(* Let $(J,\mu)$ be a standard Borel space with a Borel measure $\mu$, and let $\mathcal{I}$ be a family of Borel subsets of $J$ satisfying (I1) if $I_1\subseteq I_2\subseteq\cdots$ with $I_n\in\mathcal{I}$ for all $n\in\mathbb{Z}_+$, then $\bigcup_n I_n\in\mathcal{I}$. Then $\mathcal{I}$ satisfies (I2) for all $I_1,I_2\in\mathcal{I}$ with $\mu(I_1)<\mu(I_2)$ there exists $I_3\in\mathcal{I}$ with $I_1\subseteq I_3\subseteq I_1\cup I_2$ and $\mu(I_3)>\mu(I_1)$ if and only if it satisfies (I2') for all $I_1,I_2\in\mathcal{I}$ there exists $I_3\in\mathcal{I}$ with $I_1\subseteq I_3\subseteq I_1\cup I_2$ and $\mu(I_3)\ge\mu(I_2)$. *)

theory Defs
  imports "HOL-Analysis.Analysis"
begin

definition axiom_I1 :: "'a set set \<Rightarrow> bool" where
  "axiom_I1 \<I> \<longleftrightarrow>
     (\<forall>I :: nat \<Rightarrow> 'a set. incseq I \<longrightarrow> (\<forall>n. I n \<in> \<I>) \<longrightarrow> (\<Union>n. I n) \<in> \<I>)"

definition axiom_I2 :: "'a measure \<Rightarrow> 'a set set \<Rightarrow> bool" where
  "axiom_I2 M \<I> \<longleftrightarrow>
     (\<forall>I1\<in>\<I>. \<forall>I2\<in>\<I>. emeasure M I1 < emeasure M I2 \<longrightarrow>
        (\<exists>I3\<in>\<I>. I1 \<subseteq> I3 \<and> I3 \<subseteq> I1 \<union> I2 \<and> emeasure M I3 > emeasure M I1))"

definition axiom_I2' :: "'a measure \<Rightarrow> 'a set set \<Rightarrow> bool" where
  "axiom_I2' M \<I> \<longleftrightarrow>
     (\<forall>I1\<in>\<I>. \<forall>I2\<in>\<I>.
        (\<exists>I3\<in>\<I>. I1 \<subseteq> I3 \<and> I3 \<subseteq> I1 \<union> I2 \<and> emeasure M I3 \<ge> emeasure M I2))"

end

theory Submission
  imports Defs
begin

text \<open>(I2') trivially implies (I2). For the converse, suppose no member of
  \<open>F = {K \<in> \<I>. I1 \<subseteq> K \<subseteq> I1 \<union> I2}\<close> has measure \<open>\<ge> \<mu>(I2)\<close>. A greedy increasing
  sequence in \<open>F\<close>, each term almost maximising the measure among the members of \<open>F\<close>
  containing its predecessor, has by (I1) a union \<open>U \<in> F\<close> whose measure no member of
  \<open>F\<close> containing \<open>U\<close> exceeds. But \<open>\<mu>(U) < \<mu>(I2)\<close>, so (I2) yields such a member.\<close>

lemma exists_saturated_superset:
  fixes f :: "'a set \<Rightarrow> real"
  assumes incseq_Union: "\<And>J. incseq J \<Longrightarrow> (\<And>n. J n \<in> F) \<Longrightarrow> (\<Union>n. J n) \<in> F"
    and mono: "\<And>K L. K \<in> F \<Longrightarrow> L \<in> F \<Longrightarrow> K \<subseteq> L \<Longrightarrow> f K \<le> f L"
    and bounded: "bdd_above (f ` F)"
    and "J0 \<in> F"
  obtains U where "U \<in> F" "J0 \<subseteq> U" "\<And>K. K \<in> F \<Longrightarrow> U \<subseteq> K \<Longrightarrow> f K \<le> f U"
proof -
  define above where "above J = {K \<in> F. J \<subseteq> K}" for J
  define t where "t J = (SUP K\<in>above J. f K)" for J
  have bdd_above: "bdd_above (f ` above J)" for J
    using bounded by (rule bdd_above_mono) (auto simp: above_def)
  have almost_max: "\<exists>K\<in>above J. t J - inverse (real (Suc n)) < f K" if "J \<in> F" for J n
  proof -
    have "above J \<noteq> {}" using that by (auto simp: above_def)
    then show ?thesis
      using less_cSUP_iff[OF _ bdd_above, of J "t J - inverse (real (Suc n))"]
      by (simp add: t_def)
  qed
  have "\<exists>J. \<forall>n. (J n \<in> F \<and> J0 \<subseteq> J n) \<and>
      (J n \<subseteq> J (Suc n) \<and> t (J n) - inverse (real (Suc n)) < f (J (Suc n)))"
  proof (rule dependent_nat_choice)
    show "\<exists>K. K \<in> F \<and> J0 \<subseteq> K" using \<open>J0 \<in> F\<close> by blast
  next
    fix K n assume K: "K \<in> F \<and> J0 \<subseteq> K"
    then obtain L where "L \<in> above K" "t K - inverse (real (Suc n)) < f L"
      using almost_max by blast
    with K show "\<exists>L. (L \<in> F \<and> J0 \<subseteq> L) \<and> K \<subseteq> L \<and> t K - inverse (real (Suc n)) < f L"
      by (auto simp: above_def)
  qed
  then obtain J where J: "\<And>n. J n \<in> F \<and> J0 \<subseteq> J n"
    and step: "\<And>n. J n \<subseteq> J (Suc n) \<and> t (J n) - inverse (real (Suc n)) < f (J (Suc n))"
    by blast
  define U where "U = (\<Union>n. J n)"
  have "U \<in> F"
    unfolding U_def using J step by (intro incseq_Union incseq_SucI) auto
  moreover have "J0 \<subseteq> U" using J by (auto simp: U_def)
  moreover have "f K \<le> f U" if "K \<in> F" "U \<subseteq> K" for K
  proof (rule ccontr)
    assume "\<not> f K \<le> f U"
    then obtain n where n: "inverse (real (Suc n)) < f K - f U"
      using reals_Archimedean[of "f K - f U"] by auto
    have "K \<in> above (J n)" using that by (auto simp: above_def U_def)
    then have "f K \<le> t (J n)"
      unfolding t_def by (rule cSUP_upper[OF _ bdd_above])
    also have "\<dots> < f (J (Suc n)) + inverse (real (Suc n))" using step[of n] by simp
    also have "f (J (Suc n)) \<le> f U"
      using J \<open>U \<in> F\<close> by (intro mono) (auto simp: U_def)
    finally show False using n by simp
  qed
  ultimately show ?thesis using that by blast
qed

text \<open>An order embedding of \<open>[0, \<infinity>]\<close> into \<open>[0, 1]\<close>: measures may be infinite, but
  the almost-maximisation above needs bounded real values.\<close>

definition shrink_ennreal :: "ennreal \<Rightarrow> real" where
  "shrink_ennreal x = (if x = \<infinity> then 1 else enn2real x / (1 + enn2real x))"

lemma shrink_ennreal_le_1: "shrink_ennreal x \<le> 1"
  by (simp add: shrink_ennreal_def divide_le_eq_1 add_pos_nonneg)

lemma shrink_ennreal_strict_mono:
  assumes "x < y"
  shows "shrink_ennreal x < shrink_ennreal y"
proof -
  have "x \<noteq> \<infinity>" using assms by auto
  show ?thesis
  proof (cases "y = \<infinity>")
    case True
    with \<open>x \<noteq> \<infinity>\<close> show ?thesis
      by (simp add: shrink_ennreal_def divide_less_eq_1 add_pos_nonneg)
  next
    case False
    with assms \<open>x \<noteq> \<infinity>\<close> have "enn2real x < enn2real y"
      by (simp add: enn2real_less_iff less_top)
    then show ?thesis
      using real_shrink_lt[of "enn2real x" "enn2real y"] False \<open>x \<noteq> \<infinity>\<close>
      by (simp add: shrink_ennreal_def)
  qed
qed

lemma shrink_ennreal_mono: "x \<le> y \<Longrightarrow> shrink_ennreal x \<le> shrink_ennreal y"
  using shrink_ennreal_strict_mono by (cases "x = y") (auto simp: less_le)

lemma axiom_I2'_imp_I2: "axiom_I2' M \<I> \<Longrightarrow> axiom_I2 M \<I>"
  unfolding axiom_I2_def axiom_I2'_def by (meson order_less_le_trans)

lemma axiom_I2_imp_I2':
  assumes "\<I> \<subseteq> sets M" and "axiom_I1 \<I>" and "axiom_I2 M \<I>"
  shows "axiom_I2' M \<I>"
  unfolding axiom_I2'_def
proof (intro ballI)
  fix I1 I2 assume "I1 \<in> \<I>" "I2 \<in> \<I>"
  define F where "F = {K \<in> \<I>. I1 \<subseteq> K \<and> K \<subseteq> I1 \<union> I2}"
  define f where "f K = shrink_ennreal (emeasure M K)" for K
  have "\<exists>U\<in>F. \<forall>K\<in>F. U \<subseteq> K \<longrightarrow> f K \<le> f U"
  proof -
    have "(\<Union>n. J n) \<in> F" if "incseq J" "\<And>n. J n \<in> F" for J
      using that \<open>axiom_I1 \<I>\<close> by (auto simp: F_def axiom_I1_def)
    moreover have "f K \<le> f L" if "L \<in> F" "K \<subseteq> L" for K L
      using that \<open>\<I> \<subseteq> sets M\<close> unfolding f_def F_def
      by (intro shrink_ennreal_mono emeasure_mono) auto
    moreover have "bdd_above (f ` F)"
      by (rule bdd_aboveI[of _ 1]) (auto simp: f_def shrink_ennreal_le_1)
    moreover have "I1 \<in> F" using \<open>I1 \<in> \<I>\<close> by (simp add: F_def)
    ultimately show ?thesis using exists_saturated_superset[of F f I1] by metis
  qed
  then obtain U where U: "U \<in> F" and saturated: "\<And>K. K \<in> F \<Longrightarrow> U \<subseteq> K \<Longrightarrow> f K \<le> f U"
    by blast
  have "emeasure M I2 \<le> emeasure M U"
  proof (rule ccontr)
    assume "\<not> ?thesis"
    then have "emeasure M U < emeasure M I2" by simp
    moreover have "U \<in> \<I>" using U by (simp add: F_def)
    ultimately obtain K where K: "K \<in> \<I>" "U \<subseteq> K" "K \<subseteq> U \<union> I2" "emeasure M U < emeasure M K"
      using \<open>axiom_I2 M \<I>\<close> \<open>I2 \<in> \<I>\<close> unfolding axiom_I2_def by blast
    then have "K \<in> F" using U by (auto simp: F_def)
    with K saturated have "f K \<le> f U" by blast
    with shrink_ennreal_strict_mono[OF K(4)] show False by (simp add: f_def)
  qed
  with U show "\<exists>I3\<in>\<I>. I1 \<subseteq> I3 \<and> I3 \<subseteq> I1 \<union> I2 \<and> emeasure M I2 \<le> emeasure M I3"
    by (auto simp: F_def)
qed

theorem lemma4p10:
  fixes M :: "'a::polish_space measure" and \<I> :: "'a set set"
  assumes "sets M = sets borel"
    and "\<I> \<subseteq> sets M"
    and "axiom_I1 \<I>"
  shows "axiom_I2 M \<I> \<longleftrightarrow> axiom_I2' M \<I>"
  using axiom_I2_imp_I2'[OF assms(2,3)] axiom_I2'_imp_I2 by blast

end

----

● **Directions**
Using the data above, return each line that includes the word "rule".

● **Expected output**
    using bounded by (rule bdd_above_mono) (auto simp: above_def)
  proof (rule dependent_nat_choice)
  proof (rule ccontr)
      unfolding t_def by (rule cSUP_upper[OF _ bdd_above])
      by (rule bdd_aboveI[of _ 1]) (auto simp: f_def shrink_ennreal_le_1)
  proof (rule ccontr)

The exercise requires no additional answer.